Since the “Comcast call from hell” surfaced, we’ve all had a lot of fun maligning the company for something we’ve long known about it. Comcast is a monopoly that will, quite literally, force you into using its services.

It’s not as if this spectacularly horrible example of Comcast’s business practices is a diamond in the rough; we each have our own Comcast horror stories. From the impossibly inconvenient “we’ll be there sometime between 10am and 4pm” appointment slots we’ve all gotten stuck with to the calls about spiking prices that make no sense (“Oh, you didn’t want to keep HBO after the free trial?”), we’ve all experienced the “call from hell” in some way.

Now, Comcast’s call script for retaining customers has been leaked, and a similar field day is being had. And while I in no way want to defend Comcast, I unfortunately must. Because there is absolutely nothing wrong with this manual.

I was a “caller” in college. You know those people from your alma mater who dial you up, try and get all personal, and then ask you to give back to the school? I was one of them. And I loved it. I was great at it, so great that I was eventually promoted to Supervisor—and part of my job was not only to implement the script when I called people, but to help write it.

There’s a psychology to talking to people on the phone and getting your way. Cynics might call this manipulation, but I thought of it as healthy debate: I knew the person on the other end of the line, in nearly every case, did not want to talk to me and did not want to give me money, and I was going to convince them that the opposite of these things was true. And I was very, very good at it.

Parts of the script are still burned into my brain. Sometimes I see them when I close my eyes at night. I can easily still picture the call tree ("Yes? Go to Updates. No? Ask for more information.") page. 

"Hi, this is Molly and I'm a student at the University of Oregon! I'm calling today because we're just getting in touch with alumni who graduated from the ______ department and letting them know some of the progress being made. I also wanted to just update your information really quick: Are you still at ______ on ______ in ______ , ______? Great! So it says here that you graduated from the Biology department—one of my roommates is a Biology major now! What made you originally pick that major?" 

And from there, away we went. If he balked and tried to get off the phone, I had plenty of tips in the script to divert him back. 

The script we used was like the backbone to our calls; calls often veered off the script, depending on who was on the other end, but we had a basic structure. Can you imagine a phone call with a stranger in which money-handling was involved and just winging it? Likely not; so yes, someone whose job requires them to sell a service or product to another person uses a script. My script, like Comcast’s, included pieces like “overcoming objections” and “updates and progress,” factors meant to engage and entice people (much like Comcast’s part of the call where someone tells you about all its features).

If someone told me he didn’t want to give because the school had discontinued his major, I would tell him about how it’d actually been rolled into a new program so that students could gain a more varied education in his field—and how that program was actually trying to raise funds for its own dedicated library on campus. (See what I did there?) If someone said she had no money, I would point out that you could give as little as $10 a month for a year, which can help a student struggling to buy books. 

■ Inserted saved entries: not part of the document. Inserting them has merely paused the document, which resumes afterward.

definition Ahat :: "(real^'n) set \<Rightarrow> (real^'n \<Rightarrow> real^'m) \<Rightarrow> (real^'n \<Rightarrow> real^'n \<Rightarrow> real^'m)
     \<Rightarrow> (real^'n \<Rightarrow> real^'n \<Rightarrow> real^'n) \<Rightarrow> real \<Rightarrow> real \<Rightarrow> ((real^'n) \<times> (real^'n) \<Rightarrow> real^'n)
     \<Rightarrow> ((real^'n) \<times> (real^'n)) set" where
  "Ahat \<Omega> u g P \<rho> \<tau> phi =
     {(x, \<xi>). x \<in> \<Omega> \<and> \<xi> \<in> sphere 0 1 \<and> x \<in> dirjump \<Omega> u g P \<rho> \<tau> phi \<xi>}"

end

theory Submission
  imports Defs
begin

(* A one-sided approximate limit is a limit along the ideal of Borel
   sets of zero one-sided density at t, and along any such ideal, both the existence of a limit
   and the comparison of limits along two ideals reduce to countably many statements
   "{s. q < f s} is small" or "{s. f s < q} is small" with q rational. When f depends measurably
   on a parameter x, each such statement is measurable in x: the measure of a section of a
   measurable set is measurable, and by monotonicity the density may be computed along
   r = 1/k. Hence {x. tau x in jumpset (f x)} is measurable.

   To apply this to A_u, the slices are written as one jointly Borel function of (x, xi, s).
   The inverse chart (x, xi) -> phi_xi^-1(x) is Borel, since it inverts the continuous injection
   (z, xi) -> (phi (z, xi), xi) on the sigma-compact set A; the velocity phidot is a pointwise
   limit of difference quotients; and phi, u and g are extended by zero off their domains. The
   resulting function agrees with the slice near t_x^xi, and jump sets are local. Finally
   J_u_xi is the section of A_u at xi. *)

section \<open>Limits along an ideal of small sets\<close>

definition ideal_limit :: "(real set \<Rightarrow> bool) \<Rightarrow> (real \<Rightarrow> real) \<Rightarrow> real \<Rightarrow> bool" where
  "ideal_limit small f a \<longleftrightarrow> (\<forall>e>0. small {s. e < \<bar>f s - a\<bar>})"

locale borel_ideal =
  fixes small :: "real set \<Rightarrow> bool"
  assumes small_subset: "S \<in> sets borel \<Longrightarrow> T \<in> sets borel \<Longrightarrow> S \<subseteq> T \<Longrightarrow> small T \<Longrightarrow> small S"
    and small_Un: "S \<in> sets borel \<Longrightarrow> T \<in> sets borel \<Longrightarrow> small S \<Longrightarrow> small T \<Longrightarrow> small (S \<union> T)"
    and small_Un_neq_UNIV: "S \<in> sets borel \<Longrightarrow> T \<in> sets borel \<Longrightarrow> small S \<Longrightarrow> small T \<Longrightarrow> S \<union> T \<noteq> UNIV"
begin

context
  fixes f :: "real \<Rightarrow> real"
  assumes f_borel[measurable]: "f \<in> borel_measurable borel"
begin

lemma small_above_mono: "small {s. q < f s} \<Longrightarrow> q \<le> q' \<Longrightarrow> small {s. q' < f s}"
  by (erule small_subset[rotated 3]) auto
lemma finite_defect_recolor_symmetry:
  assumes g: "symmetry (recolor c F) g" and "finite F"
  shows "finite (defect c g)"
proof -
  have "defect c g \<subseteq> F \<union> g -` F" using defect_recolor_symmetry[OF g] by (auto simp: defect_def)
  moreover have "finite (g -` F)"
    using \<open>finite F\<close> O2_inj g unfolding symmetry_def by (simp add: finite_vimageI)
  ultimately show ?thesis using \<open>finite F\<close> finite_subset by blast
qed

lemma finite_defect_comp:
  assumes h: "h \<in> O2" and "finite (defect c g)" "finite (defect c h)"
  shows "finite (defect c (g \<circ> h))"
proof -
  have "defect c (g \<circ> h) \<subseteq> defect c h \<union> h -` defect c g"
    using O2_maps_S1[OF h] by (auto simp: defect_def)
  moreover have "finite (h -` defect c g)" using assms O2_inj by (simp add: finite_vimageI)
  ultimately show ?thesis using assms finite_subset by blast
qed

definition almost_sym :: "(complex \<Rightarrow> color) \<Rightarrow> (complex \<Rightarrow> complex) set" where
  "almost_sym c = {g\<in>O2. finite (defect c g)}"

lemma recolor_rigid_triple_distinguishing:
  assumes T: "rigid_triple (D \<union> {x, y, z}) x y z" "D \<union> {x, y, z} \<subseteq> S1"
    and inv: "\<And>g. symmetry (recolor c {x, y, z}) g \<Longrightarrow> g ` (D \<union> {x, y, z}) \<subseteq> D \<union> {x, y, z}"
  shows "distinguishing (recolor c {x, y, z})"
  unfolding distinguishing_iff using rigid_triple_O2 inv T unfolding symmetry_def by blast

(* Case 1: countably many almost-symmetries. Their defects form a countable set; a triple
   avoiding it cannot be moved by any symmetry of the recoloring. *)
lemma recoloring_if_countable:
  assumes "countable (almost_sym c)"
  shows "\<exists>x y z. {x, y, z} \<subseteq> S1 \<and> distinguishing (recolor c {x, y, z})"
proof -
  define P where "P = (\<Union>g\<in>almost_sym c. defect c g)"
  have "countable P"
    unfolding P_def using assms by (intro countable_UN) (auto simp: almost_sym_def countable_finite)
  then obtain x y z where xyz: "{x, y, z} \<subseteq> S1 - P" and T: "rigid_triple {x, y, z} x y z"
    using rigid_triple_exists[of "{}" P] by auto
  have "g ` {x, y, z} \<subseteq> {x, y, z}" if g: "symmetry (recolor c {x, y, z}) g" for g
  proof (rule image_subsetI, rule ccontr)
    fix w assume w: "w \<in> {x, y, z}" "g w \<notin> {x, y, z}"
    have "g \<in> almost_sym c"
      using g finite_defect_recolor_symmetry[OF g] unfolding symmetry_def almost_sym_def by simp
    moreover have "w \<in> defect c g" using defect_recolor_symmetry[OF g] w xyz by blast
    ultimately show False using w xyz unfolding P_def by blast
  qed
  then have "distinguishing (recolor c {x, y, z})"
    using recolor_rigid_triple_distinguishing[of "{}"] T xyz by auto
  then show ?thesis using xyz by blast
qed

definition almost_rot :: "(complex \<Rightarrow> color) \<Rightarrow> complex set" where
  "almost_rot c = {a. cmod a = 1 \<and> finite (defect c (\<lambda>z. a * z))}"

(* If there are uncountably many almost-symmetries, there are uncountably many almost-
   rotations: composing a fixed almost-reflection with the others gives almost-rotations. *)
lemma uncountable_almost_rot:
  assumes "uncountable (almost_sym c)"
  shows "uncountable (almost_rot c)"
proof
  assume rot: "countable (almost_rot c)"
  define Refl where "Refl = {b. cmod b = 1 \<and> finite (defect c (\<lambda>z. b * cnj z))}"
  have "almost_sym c \<subseteq> (\<lambda>a z. a * z) ` almost_rot c \<union> (\<lambda>b z. b * cnj z) ` Refl"
    by (auto simp: almost_sym_def almost_rot_def Refl_def elim!: O2_cases)
  then have "uncountable Refl" using assms rot countable_subset by (metis countable_Un countable_image)
  then obtain b where b: "b \<in> Refl" by (metis countable_empty equals0I)
  have "(\<lambda>a. b * cnj a) ` Refl \<subseteq> almost_rot c"
  proof
    fix r assume "r \<in> (\<lambda>a. b * cnj a) ` Refl"
    then obtain a where a: "a \<in> Refl" "r = b * cnj a" by blast
    have "(\<lambda>z. a * cnj z) \<in> O2" using a unfolding O2_def Refl_def by auto
    then have "finite (defect c ((\<lambda>z. b * cnj z) \<circ> (\<lambda>z. a * cnj z)))"
      using a b finite_defect_comp unfolding Refl_def by blast
    moreover have "(\<lambda>z. b * cnj z) \<circ> (\<lambda>z. a * cnj z) = (\<lambda>z. r * z)"
      using a by (auto simp: mult.assoc)
    ultimately show "r \<in> almost_rot c" using a b by (simp add: almost_rot_def Refl_def norm_mult)
  qed
  moreover have "inj_on (\<lambda>a. b * cnj a) Refl" using b by (auto simp: Refl_def inj_on_def)
  ultimately have "countable Refl" using rot countable_subset countable_image_inj_on by metis
  then show False using \<open>uncountable Refl\<close> by contradiction
qed

definition power_roots :: "complex \<Rightarrow> complex set" where
  "power_roots a = {z. \<exists>n>0. \<exists>m::int. z ^ n = a powi m}"

lemma countable_power_roots: "countable (power_roots a)"
proof -
  have "countable (\<Union>n\<in>{0<..}. \<Union>m\<in>UNIV. {z. z ^ n = a powi m})"
    by (intro countable_UN countable_finite[OF finite_nth_roots]) auto
  moreover have "power_roots a = (\<Union>n\<in>{0<..}. \<Union>m\<in>UNIV. {z. z ^ n = a powi m})"
    unfolding power_roots_def by auto
  ultimately show ?thesis by simp
qed

lemma power_int_relation_power_roots:
  fixes a b :: complex
  assumes "a \<noteq> 0" "b \<noteq> 0" "a powi m * b powi n = 1" "n \<noteq> 0"
  shows "b \<in> power_roots a"
proof -
  have "b powi n = inverse (a powi m)"
    using assms(3) by (metis inverse_unique mult.commute)
  then have bn: "b powi n = a powi (- m)" by (simp add: power_int_minus)
  show ?thesis
  proof (cases "n > 0")
    case True
    then have "b ^ nat n = a powi (- m)" using bn by (simp add: power_int_def)
    then show ?thesis using True unfolding power_roots_def by (intro CollectI exI[of _ "nat n"]) auto
  next
    case False
    then have "b ^ nat (- n) = inverse (b powi n)"
      by (simp add: power_int_def power_inverse)
    also have "\<dots> = a powi m" using bn by (simp add: power_int_minus)
    finally show ?thesis using False assms(4) unfolding power_roots_def
      by (intro CollectI exI[of _ "nat (- n)"]) auto
  qed
qed

lemma independent_pair:
  fixes H :: "complex set"
  assumes "uncountable H"
  shows "\<exists>a1\<in>H. \<exists>a2\<in>H. a1 \<noteq> 0 \<and> a2 \<noteq> 0 \<and>
           (\<forall>m n. a1 powi m * a2 powi n = 1 \<longrightarrow> m = 0 \<and> n = 0)"
proof -
  have countable: "countable (insert 0 (power_roots a))" for a
    by (simp add: countable_power_roots)
  obtain a1 where a1: "a1 \<in> H" "a1 \<noteq> 0" "a1 \<notin> power_roots 1"
    using uncountable_avoid[OF assms countable] by blast
  obtain a2 where a2: "a2 \<in> H" "a2 \<noteq> 0" "a2 \<notin> power_roots a1"
    using uncountable_avoid[OF assms countable] by blast
  have "m = 0 \<and> n = 0" if rel: "a1 powi m * a2 powi n = 1" for m n
  proof
    show n: "n = 0"
      using power_int_relation_power_roots[OF a1(2) a2(2) rel] a2(3) by blast
    have "1 powi 0 * a1 powi m = 1" using rel n by simp
    then show "m = 0"
      using power_int_relation_power_roots[of 1 a1 0 m] a1(2,3) by auto
  qed
  then show ?thesis using a1 a2 by blast
qed

lemma int_shift_invariant:
  fixes f :: "int \<Rightarrow> 'a"
  assumes "\<And>k. f (k + 1) = f k"
  shows "f a = f b"
proof -
  have "f i = f 0" for i
  proof (induct i rule: int_induct[where k = 0])
    case (step2 i)
    then show ?case using assms[of "i - 1"] by simp
  qed (use assms in simp_all)
  then show ?thesis by metis
qed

We also had a list of acceptable reasons to “close” a call without getting a donation. If we had a wrong number, it was OK to end the call, but only if we’d verified with the person this was indeed the wrong number. When I tell people this, they’re usually irate—but no, hanging up on me isn’t good enough. I need to ask if you are Ms. Melanie Johnston at 389 Hemlock Drive. No? You aren’t? I’m so sorry, we’ll take you right off the list! Lie to me if you want, it doesn’t matter; that’s all it takes to get out of this. Other options in the software that I remember that popped up when processing a “no give” call were things like “in graduate school,” “out of country,” or simply “not this year.”

Yes, sometimes the things that “get you out of call” were arbitrary, and sure, you can think it’s stupid that the script required me to ask you three times for money (which, FYI, was very effective). But what seemed stupid to me, the person who was paid to do this, is that we both knew this call was going to end, we just had to get through the prescribed routine together. And still, people rage over all this. 

We all follow scripts for work (some of us more literally than others). There are forms for performance reviews and catchphrases you’re required to hit in pitch meetings. Teachers repeat the same lessons every year; doctors literally follow scripts with their patients.

If you want to hate Comcast because you’ve had bad experiences as a customer, I don’t blame you. But don’t cling to this detail in particular, because while what I was doing (raising money for higher education) is more noble than a monopoly that peddles cable and Internet at exorbitant prices, a call script is one of the things I would argue humanizes Comcast’s business.

And honestly, after the listening to the phone call that brought us all here, would you really want a Comcast rep winging it?